• **How to complete this task**: Your answer must be a single number: how many lines in the records include the word "that".

[Stored data]

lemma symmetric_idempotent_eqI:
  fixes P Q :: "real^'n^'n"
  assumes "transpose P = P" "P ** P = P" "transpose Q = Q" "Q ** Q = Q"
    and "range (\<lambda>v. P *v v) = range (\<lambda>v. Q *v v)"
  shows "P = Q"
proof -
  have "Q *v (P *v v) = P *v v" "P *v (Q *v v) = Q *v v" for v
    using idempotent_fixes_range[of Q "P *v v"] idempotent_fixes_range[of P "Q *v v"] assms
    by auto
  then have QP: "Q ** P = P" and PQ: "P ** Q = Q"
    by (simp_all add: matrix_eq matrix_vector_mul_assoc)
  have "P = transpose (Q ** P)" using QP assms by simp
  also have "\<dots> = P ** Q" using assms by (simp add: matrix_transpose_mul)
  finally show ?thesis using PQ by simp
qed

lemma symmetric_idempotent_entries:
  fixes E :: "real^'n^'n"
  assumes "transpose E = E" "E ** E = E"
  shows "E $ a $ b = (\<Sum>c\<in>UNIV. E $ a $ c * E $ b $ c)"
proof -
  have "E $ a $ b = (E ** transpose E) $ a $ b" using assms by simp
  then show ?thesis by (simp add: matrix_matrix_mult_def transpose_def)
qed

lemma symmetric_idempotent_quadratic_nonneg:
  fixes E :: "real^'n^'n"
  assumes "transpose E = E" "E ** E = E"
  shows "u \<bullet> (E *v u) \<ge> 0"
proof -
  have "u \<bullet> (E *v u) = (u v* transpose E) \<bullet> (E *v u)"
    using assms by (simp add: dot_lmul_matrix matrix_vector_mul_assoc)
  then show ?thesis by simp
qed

* * *

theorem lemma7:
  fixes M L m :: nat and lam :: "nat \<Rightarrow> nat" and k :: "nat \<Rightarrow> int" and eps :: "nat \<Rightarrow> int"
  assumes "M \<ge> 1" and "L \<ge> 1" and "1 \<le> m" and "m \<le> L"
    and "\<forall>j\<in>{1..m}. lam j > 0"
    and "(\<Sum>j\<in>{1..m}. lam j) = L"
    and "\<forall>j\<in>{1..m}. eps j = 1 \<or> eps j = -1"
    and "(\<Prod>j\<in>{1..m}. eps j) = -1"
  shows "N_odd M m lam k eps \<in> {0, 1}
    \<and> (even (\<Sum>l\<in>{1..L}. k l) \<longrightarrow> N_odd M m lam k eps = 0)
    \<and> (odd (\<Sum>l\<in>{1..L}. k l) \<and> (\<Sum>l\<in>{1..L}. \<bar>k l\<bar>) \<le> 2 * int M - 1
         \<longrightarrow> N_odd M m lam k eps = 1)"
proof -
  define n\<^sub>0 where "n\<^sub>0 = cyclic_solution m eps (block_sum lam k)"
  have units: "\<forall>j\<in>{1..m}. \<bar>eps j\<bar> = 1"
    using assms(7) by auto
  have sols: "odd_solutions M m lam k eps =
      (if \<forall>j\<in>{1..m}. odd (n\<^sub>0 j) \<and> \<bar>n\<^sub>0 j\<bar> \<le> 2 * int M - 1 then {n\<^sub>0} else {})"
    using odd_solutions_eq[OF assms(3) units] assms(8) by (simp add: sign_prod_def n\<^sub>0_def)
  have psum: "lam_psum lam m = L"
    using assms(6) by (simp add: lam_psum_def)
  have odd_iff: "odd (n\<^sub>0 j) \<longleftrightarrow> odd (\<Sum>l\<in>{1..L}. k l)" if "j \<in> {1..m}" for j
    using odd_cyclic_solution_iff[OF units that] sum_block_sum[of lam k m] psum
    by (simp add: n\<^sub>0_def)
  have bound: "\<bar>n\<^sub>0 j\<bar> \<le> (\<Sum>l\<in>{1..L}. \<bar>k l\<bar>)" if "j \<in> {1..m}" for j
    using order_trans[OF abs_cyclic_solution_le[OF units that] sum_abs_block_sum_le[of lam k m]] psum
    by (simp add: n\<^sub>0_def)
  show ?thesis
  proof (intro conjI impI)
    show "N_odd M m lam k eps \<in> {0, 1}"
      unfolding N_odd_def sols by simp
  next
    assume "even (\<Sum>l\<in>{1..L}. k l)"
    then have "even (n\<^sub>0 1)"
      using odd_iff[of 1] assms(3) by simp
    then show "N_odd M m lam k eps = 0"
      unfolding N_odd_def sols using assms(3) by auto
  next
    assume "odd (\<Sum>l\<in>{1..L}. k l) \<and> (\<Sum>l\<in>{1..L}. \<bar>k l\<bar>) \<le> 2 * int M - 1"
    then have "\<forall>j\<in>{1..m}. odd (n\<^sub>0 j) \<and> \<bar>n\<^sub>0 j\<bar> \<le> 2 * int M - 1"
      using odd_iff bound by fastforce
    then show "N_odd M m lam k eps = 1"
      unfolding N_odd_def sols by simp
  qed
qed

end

...

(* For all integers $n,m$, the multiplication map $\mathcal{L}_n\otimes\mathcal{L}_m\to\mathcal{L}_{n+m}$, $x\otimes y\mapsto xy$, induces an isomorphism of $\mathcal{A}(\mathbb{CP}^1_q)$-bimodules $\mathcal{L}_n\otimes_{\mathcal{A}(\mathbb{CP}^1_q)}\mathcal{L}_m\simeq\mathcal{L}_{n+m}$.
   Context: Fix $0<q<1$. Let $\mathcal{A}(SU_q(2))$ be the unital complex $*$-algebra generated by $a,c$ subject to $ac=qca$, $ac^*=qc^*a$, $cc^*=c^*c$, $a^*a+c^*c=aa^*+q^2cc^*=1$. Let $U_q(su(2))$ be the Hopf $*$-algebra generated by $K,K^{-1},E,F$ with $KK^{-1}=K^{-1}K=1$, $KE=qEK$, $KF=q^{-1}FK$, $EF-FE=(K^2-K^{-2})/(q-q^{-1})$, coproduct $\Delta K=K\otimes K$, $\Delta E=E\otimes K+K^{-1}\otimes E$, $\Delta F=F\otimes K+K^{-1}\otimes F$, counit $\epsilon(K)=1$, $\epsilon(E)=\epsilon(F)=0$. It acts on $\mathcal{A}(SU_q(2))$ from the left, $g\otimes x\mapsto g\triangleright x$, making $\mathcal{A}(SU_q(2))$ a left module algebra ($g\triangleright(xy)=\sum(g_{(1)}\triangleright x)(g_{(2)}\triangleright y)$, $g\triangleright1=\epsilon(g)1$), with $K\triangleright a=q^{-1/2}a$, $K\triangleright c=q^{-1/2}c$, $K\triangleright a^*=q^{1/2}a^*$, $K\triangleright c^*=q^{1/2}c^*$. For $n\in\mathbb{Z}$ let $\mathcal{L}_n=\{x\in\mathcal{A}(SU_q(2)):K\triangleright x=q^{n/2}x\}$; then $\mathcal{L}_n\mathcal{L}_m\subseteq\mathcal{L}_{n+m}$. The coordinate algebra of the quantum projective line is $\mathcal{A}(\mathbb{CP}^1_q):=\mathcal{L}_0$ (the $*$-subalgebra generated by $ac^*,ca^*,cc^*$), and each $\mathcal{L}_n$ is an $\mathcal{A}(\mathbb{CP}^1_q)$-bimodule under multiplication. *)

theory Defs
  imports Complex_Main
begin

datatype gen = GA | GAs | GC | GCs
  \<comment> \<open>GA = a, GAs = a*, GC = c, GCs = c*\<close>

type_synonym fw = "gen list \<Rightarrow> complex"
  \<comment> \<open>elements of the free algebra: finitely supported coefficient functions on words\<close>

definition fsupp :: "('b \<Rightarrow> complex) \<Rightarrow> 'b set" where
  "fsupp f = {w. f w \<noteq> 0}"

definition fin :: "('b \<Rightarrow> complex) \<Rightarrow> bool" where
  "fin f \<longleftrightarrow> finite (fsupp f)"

• **Answer to this task**: 2